The BCLC classification is based on tumor extent, Child-Pugh (CP) score, vascular invasion and ECOG performance status. This algorithm can be used to decide treatment allocation based on tumor stage
Abbreviations: BCLC Barcelona Clinic Liver Cancer, CP Child Pugh score, HTN Hypertension, PS Performance status, ECOG Eastern Cooperative Oncology Group, HCC hepatocellular carcinoma, TACE Transarterial chemoembolization, RFA Radiofrequency ablation.
We next address the recent advances in the basic research of genomic alterations and molecular pathway dysregulation in HCC that are identifying novel targets for this tumor.
Antiangiogenesis drugs - Sorafenib and beyond
HCC is a highly vascular tumor and derives most of its blood supply from the hepatic artery in contrast to the normal surrounding liver which is predominantly supplied by the portal venous system. Hence targeting angiogenesis has been a major therapeutic strategy in HCC. Several growth factor related pathways promote angiogenesis in HCC including vascular endothelial growth factor (VEGF), fibroblast growth factor (FGF), insulin-like growth factor-1 (IGF-1), platelet-derived growth factor (PDGF), and transforming growth factor (TGFβ). As a key proof of concept, sorafenib, which inhibits multiple receptor tyrosine kinases including VEGFR and PDGFR signaling pathways, was shown to improve survival in advanced HCC. However, sorafenib is only moderately effective and a substantial proportion of patients have to discontinue the medication either due to intolerable side effects or drug resistance. Hence the ability to predict response and prevent unnecessary adverse effects is an important area of active research and a number of biomarkers predictive of response to sorafenib have been identified. Arao et al. have shown that tumors with amplification of the FGF3/FGF4 locus on chromosome 11 have profound sensitivity to treatment with sorafenib (46).
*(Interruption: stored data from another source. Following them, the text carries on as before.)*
(* Let $X\sim p^{\mathbb{Z}^d}$, $Y\sim q^{\mathbb{Z}^d}$ be i.i.d. processes over finite alphabets and let $\phi:X\to Y$ be a finitary homomorphism with $\mathbf{E}[R_\phi^{d/2}]<\infty$. Then there is a sequence $\delta_N\searrow0$ such that \[\mathbf{E}[|\mathcal{J}^c_{N,\lfloor\delta_N N\rfloor}|]=o(N^{d/2})\quad(N\to\infty).\]
   Context: A homomorphism $\phi:X\to Y$ is a measurable shift-commuting map $A^{\mathbb{Z}^d}\to B^{\mathbb{Z}^d}$ pushing $\mu=p^{\mathbb{Z}^d}$ to $\nu=q^{\mathbb{Z}^d}$. Its coding radius is $R_\phi(x)=\min\{n\in\mathbb{N}\cup\{\infty\}:\text{for }\mu\text{-a.e. }a,\ a|_{[-n,n]^d}=x|_{[-n,n]^d}\Rightarrow\phi(a)_0=\phi(x)_0\}$; finitary means $R_\phi<\infty$ a.s. Let $*\notin B$; for $n\in\mathbb{N}$ put $\phi^n_0(x)=\phi(x)_0$ if $R_\phi(x)\le n$ and $*$ otherwise (a.e. a function of $x|_{[-n,n]^d}$). For $\mathbb{T}_N^d=\mathbb{Z}^d/(N\mathbb{Z})^d$ and $N\ge2n+1$, define $\hat\phi^n:A^{\mathbb{T}_N^d}\to(B\cup\{*\})^{\mathbb{T}_N^d}$ by letting $\hat\phi^n(\hat x)_u$ be $\phi^n_0$ evaluated at the $N$-periodic extension of $T_{-u}\hat x$, where $(T_{-u}\hat x)_v=\hat x_{v+u}$. With $\hat X\sim p^{\mathbb{T}_N^d}$, $\mathcal{J}^c_{N,n}=\{u\in\mathbb{T}_N^d:\hat\phi^n(\hat X)_u=*\}$ (a random set). *)

theory Defs
  imports "HOL-Probability.Probability" "HOL-Library.Landau_Symbols"
begin

text \<open>Lattice points of Z^d are functions 'n => int for a finite type 'n, d = CARD('n).\<close>

definition origin :: "'n::finite \<Rightarrow> int" where
  "origin = (\<lambda>_. 0)"

definition box :: "nat \<Rightarrow> ('n::finite \<Rightarrow> int) set" where
  "box n = {v. \<forall>i. \<bar>v i\<bar> \<le> int n}"
(* Let $\overline G$ be the survival function of a nonnegative random variable and consider a Kijima type I repair model: $(A_k)_{k\ge1}$ are nonnegative random variables (degrees of repair), $(X_k)_{k\ge1}$ are nonnegative interarrival times, the virtual ages are $V_0=0$, $V_k=V_{k-1}+A_kX_k$ (so $V_k=A_1X_1+\dots+A_kX_k$), and conditionally on $(A_1,A_2,\dots)=(a_1,a_2,\dots)$, $X_1$ has survival function $\overline G$ and for each $k\ge1$ the conditional survival function of $X_{k+1}$ given $(X_1,\dots,X_k)=(x_1,\dots,x_k)$ is $z\mapsto\overline G(z\mid a_1x_1+\dots+a_kx_k)$; in particular $A_{k+1}$ is independent of $(X_1,\dots,X_k)$ for each $k$. Let $N(t)=\max\{k:X_1+\dots+X_k\le t\}$ be the associated counting process and let $T$ be a nonnegative random variable independent of $\{(X_k,A_k)\}_{k\ge1}$. If $T$ is DFR and $X_1$ (i.e. $\overline G$) is IFR, then $N(T)$ is discrete DFR.
   Context: For $v\ge0$, $\overline G(z\mid v)=\overline G(v+z)/\overline G(v)$ if $\overline G(v)>0$ and $\overline G(z\mid v)=0$ if $\overline G(v)=0$ ($z\ge0$). A survival function $\overline G$ is DFR (resp. IFR) if for every $z\ge0$ the map $t\mapsto\overline G(z+t)/\overline G(t)$ is increasing (resp. decreasing) on $\{t:\overline G(t)>0\}$. A random variable $N$ with values in $\{0,1,2,\dots\}$ is discrete DFR if $P(N\ge n+1)^2\le P(N\ge n)P(N\ge n+2)$ for all $n=0,1,2,\dots$. *)

theory Defs
  imports "HOL-Probability.Probability"
begin

definition cond_surv :: "(real \<Rightarrow> real) \<Rightarrow> real \<Rightarrow> real \<Rightarrow> real" where
  "cond_surv G v z = (if G v > 0 then G (v + z) / G v else 0)"

definition IFR :: "(real \<Rightarrow> real) \<Rightarrow> bool" where
  "IFR G \<longleftrightarrow> (\<forall>z\<ge>0. \<forall>s t. 0 \<le> s \<longrightarrow> s \<le> t \<longrightarrow> G s > 0 \<longrightarrow> G t > 0 \<longrightarrow>
      G (z + t) / G t \<le> G (z + s) / G s)"

definition DFR :: "(real \<Rightarrow> real) \<Rightarrow> bool" where
  "DFR G \<longleftrightarrow> (\<forall>z\<ge>0. \<forall>s t. 0 \<le> s \<longrightarrow> s \<le> t \<longrightarrow> G s > 0 \<longrightarrow> G t > 0 \<longrightarrow>
      G (z + s) / G s \<le> G (z + t) / G t)"

definition surv :: "'a measure \<Rightarrow> ('a \<Rightarrow> real) \<Rightarrow> real \<Rightarrow> real" where
  "surv M Y t = measure M {\<omega> \<in> space M. Y \<omega> > t}"

definition vage :: "(nat \<Rightarrow> 'a \<Rightarrow> real) \<Rightarrow> (nat \<Rightarrow> 'a \<Rightarrow> real) \<Rightarrow> nat \<Rightarrow> 'a \<Rightarrow> real" where
  "vage A X k \<omega> = (\<Sum>j\<in>{1..k}. A j \<omega> * X j \<omega>)"

text \<open>Counting process N(t) = max {k. X_1 + ... + X_k <= t}, taken as a supremum in
  the extended naturals (it equals the maximum whenever that exists).\<close>
definition Ncount :: "(nat \<Rightarrow> 'a \<Rightarrow> real) \<Rightarrow> real \<Rightarrow> 'a \<Rightarrow> enat" where
  "Ncount X t \<omega> = Sup {enat k | k. (\<Sum>j\<in>{1..k}. X j \<omega>) \<le> t}"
Horwitz et al. have recently reported that patients with HCCs harboring VEGF-A amplifications showed markedly improved survival after treatment with sorafenib (47). Single nucleotide polymorphisms in the VEGF-A and VEGF-C genes have also been shown to be associated with tumor progression and overall survival (48). An analysis of 77 patients enrolled prospectively in three sorafenib trials who had pretreatment tumor biopsy available showed that elevated tissue expression of pERK and VEGFR-2 was predictive of poor outcome in advanced HCC treated with sorafenib (49). With further validation of these biomarkers it should eventually be possible to predict response to sorafenib and patients who are nonresponders can be offered other systemic therapies, once available, thus avoiding unnecessary side effects. There are also efforts underway to sensitize HCCs to sorafenib and a recent study has suggested that silencing Mapk14 sensitizes HCCs to sorafenib. Combination of sorafenib with Mapk14 blockade therefore has the potential to overcome sorafenib resistance in human HCC (50).
After the initial success of sorafenib, multiple other multikinase inhibitors of growth factor pathways promoting angiogenesis were studied but unfortunately drugs such as brivanib, sunitinib and linifanib (4, 5, 51) have all failed in subsequent phase III trials. Bevacizumab is a monoclonal antibody which directly binds VEGF-A and it initially showed promise in phase II trials but unfortunately it was associated with high rates of adverse events especially variceal hemorrhage (52). Similarly ramucirumab, a VEGFR2 inhibitor, has also failed to meet endpoints in a recent phase III trial (53). One of the main reasons for failure of these trials is the increased toxicity of these drugs compared to sorafenib. Another additional reason for first line therapy failures could have been the enrolment of BCLC A and B patients unfit or non-responsive to standard of care treatments. Failure of second line treatment trials could have been due to biased selection of patients who had progression of tumor on sorafenib.. Despite these disappointing results, efforts involving antiangiogenic therapies are still ongoing and results from phase III trials testing lenvatinib, which inhibits VEGFR, FGFR, RET, KIT, and PDGFR-β, and regorafenib, which inhibits VEGFR, PDGFR, FGFR, RET, KIT, and TIE-2 are awaited.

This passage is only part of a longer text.